**Source material:**

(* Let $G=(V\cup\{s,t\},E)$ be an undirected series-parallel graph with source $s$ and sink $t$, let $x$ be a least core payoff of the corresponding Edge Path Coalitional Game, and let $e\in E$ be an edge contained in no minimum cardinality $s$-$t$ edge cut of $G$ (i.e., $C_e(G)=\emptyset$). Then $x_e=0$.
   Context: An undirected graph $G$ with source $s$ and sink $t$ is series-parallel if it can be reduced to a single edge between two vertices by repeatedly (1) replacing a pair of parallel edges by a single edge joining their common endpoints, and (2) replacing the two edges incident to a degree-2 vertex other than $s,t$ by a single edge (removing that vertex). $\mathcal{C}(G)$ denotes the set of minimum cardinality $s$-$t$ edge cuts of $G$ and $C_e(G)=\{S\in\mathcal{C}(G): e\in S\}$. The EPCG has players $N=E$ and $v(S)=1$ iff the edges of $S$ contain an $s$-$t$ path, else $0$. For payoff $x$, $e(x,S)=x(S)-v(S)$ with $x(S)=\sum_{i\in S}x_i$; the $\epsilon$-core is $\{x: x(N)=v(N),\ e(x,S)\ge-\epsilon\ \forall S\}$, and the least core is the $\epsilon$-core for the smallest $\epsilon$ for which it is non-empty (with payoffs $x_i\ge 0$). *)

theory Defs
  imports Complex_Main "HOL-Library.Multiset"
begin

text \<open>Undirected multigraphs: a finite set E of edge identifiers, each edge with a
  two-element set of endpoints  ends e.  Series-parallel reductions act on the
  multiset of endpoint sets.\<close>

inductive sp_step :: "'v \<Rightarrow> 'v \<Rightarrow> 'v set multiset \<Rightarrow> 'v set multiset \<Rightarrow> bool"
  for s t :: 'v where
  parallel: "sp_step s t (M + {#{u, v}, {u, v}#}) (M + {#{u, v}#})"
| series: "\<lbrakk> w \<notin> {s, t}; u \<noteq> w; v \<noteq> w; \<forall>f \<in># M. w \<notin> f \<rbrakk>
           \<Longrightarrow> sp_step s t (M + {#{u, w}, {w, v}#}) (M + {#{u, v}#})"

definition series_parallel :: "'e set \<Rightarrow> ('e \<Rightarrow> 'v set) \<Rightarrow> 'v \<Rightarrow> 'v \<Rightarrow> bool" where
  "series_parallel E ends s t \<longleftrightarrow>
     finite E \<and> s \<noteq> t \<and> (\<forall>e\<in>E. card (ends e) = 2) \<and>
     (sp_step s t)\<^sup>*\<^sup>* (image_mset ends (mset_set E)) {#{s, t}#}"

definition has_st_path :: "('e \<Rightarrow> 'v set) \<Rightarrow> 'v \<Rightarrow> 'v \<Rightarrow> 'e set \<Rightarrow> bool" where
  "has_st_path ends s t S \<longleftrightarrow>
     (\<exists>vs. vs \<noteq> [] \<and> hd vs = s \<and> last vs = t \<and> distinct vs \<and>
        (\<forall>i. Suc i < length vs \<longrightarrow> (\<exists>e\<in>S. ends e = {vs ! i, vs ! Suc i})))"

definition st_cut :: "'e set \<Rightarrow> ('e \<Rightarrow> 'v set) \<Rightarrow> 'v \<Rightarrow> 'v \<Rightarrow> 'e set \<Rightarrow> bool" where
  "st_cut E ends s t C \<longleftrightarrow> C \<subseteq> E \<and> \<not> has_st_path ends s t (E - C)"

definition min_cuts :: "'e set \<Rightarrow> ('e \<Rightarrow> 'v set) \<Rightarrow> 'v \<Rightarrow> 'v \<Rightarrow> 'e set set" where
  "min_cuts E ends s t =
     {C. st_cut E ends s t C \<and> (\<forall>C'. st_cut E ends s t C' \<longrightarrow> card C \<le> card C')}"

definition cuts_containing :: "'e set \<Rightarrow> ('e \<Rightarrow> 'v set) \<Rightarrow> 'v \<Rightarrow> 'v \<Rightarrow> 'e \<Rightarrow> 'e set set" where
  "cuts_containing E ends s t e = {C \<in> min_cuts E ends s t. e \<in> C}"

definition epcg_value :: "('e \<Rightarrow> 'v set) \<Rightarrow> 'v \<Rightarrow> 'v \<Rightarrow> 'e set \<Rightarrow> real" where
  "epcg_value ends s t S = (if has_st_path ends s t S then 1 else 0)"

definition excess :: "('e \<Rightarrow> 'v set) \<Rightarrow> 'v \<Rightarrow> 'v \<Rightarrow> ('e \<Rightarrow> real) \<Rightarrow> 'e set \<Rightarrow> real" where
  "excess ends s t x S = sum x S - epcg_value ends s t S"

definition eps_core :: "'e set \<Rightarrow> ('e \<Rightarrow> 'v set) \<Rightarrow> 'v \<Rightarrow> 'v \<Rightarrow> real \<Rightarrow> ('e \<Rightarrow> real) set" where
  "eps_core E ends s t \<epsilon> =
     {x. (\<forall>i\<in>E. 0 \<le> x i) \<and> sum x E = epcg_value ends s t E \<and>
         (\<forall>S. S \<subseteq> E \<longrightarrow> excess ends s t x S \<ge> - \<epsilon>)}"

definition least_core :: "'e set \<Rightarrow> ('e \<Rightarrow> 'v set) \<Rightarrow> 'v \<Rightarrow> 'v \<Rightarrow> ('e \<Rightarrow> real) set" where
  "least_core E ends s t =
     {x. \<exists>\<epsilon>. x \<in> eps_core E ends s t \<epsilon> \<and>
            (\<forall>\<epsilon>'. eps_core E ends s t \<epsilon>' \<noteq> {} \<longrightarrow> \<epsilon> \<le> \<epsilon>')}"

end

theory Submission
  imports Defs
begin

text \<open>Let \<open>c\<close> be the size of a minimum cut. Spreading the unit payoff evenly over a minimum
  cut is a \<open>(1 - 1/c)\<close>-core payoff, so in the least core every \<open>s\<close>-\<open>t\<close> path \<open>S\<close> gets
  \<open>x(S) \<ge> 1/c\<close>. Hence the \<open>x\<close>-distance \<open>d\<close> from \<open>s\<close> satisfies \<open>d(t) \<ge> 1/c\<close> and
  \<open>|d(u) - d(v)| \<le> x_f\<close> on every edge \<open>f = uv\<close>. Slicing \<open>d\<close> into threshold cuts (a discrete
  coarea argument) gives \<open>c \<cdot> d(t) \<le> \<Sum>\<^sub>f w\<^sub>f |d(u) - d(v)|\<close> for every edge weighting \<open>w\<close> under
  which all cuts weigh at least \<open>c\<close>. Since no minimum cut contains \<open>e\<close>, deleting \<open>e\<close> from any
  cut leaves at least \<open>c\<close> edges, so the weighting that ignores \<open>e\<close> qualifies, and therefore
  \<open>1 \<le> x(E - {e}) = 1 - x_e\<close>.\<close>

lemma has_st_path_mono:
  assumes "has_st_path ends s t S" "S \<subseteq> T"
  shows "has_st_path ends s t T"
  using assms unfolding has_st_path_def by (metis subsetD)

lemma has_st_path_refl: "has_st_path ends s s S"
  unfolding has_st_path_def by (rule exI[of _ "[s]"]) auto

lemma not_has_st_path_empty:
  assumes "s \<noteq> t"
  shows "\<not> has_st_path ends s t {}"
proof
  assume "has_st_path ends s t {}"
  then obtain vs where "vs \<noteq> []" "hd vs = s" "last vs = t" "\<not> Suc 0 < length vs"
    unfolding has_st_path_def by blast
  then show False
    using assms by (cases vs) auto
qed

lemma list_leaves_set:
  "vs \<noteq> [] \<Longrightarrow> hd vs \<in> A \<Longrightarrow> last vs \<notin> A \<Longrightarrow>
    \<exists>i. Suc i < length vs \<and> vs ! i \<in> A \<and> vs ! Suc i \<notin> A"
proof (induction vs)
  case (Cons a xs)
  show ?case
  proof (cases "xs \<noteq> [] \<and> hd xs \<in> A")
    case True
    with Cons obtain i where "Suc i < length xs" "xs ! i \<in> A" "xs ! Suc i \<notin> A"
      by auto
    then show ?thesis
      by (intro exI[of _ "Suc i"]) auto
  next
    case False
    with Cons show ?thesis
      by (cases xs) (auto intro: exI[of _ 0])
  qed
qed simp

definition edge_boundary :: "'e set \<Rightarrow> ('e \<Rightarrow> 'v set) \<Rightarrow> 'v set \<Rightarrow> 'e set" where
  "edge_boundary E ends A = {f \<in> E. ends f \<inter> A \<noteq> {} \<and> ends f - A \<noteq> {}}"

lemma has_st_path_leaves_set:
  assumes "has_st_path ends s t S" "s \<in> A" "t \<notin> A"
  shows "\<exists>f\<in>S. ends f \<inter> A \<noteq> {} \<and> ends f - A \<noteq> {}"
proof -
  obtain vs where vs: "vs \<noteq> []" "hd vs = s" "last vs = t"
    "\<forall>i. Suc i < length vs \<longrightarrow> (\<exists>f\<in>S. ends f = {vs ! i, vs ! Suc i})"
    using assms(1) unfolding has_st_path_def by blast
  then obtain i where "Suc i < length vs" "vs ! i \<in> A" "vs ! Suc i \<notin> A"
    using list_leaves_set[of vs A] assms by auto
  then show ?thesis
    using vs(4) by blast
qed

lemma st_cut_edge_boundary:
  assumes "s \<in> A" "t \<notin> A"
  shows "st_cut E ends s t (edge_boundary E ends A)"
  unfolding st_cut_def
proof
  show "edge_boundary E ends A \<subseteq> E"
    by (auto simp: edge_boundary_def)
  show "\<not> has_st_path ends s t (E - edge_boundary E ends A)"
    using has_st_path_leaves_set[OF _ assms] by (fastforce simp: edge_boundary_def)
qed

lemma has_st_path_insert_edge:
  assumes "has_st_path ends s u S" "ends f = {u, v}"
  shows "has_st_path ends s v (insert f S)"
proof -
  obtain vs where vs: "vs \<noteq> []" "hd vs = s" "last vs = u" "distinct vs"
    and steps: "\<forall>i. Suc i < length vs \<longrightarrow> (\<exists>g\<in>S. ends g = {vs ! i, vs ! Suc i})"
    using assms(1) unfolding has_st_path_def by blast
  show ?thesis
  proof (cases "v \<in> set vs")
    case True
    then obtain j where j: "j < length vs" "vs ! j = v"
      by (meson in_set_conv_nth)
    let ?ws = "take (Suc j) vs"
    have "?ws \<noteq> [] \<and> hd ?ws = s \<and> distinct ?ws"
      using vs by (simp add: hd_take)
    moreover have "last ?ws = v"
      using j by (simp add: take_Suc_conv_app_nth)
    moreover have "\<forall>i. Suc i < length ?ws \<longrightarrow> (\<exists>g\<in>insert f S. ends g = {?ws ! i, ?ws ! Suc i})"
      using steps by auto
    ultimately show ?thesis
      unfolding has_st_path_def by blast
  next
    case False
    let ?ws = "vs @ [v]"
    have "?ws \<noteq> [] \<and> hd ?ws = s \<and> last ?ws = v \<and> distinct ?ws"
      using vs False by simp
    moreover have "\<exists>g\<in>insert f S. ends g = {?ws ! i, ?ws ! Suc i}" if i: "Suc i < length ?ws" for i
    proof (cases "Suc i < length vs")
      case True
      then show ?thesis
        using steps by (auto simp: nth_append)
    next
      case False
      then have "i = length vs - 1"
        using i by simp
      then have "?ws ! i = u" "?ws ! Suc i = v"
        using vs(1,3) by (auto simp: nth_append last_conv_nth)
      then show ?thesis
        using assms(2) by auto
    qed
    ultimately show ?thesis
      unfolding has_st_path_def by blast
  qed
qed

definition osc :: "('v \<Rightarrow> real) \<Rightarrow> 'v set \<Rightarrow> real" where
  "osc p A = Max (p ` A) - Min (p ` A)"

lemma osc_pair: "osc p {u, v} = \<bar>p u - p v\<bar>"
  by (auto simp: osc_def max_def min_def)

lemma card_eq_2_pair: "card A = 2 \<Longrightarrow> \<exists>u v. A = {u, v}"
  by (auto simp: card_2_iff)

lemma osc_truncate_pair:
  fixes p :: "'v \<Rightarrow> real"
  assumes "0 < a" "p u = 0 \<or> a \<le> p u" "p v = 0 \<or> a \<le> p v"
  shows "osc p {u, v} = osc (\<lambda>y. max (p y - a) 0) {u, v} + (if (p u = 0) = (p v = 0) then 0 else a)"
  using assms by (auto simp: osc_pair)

**Your goal:**
Retype, in the same exact form, the lines of the material above from the line holding "case (Cons a xs)" through the line holding "s t (edge_boundary".

**Answer section:**
  case (Cons a xs)
  show ?case
  proof (cases "xs \<noteq> [] \<and> hd xs \<in> A")
    case True
    with Cons obtain i where "Suc i < length xs" "xs ! i \<in> A" "xs ! Suc i \<notin> A"
      by auto
    then show ?thesis
      by (intro exI[of _ "Suc i"]) auto
  next
    case False
    with Cons show ?thesis
      by (cases xs) (auto intro: exI[of _ 0])
  qed
qed simp

definition edge_boundary :: "'e set \<Rightarrow> ('e \<Rightarrow> 'v set) \<Rightarrow> 'v set \<Rightarrow> 'e set" where
  "edge_boundary E ends A = {f \<in> E. ends f \<inter> A \<noteq> {} \<and> ends f - A \<noteq> {}}"

lemma has_st_path_leaves_set:
  assumes "has_st_path ends s t S" "s \<in> A" "t \<notin> A"
  shows "\<exists>f\<in>S. ends f \<inter> A \<noteq> {} \<and> ends f - A \<noteq> {}"
proof -
  obtain vs where vs: "vs \<noteq> []" "hd vs = s" "last vs = t"
    "\<forall>i. Suc i < length vs \<longrightarrow> (\<exists>f\<in>S. ends f = {vs ! i, vs ! Suc i})"
    using assms(1) unfolding has_st_path_def by blast
  then obtain i where "Suc i < length vs" "vs ! i \<in> A" "vs ! Suc i \<notin> A"
    using list_leaves_set[of vs A] assms by auto
  then show ?thesis
    using vs(4) by blast
qed

lemma st_cut_edge_boundary:
  assumes "s \<in> A" "t \<notin> A"
  shows "st_cut E ends s t (edge_boundary E ends A)"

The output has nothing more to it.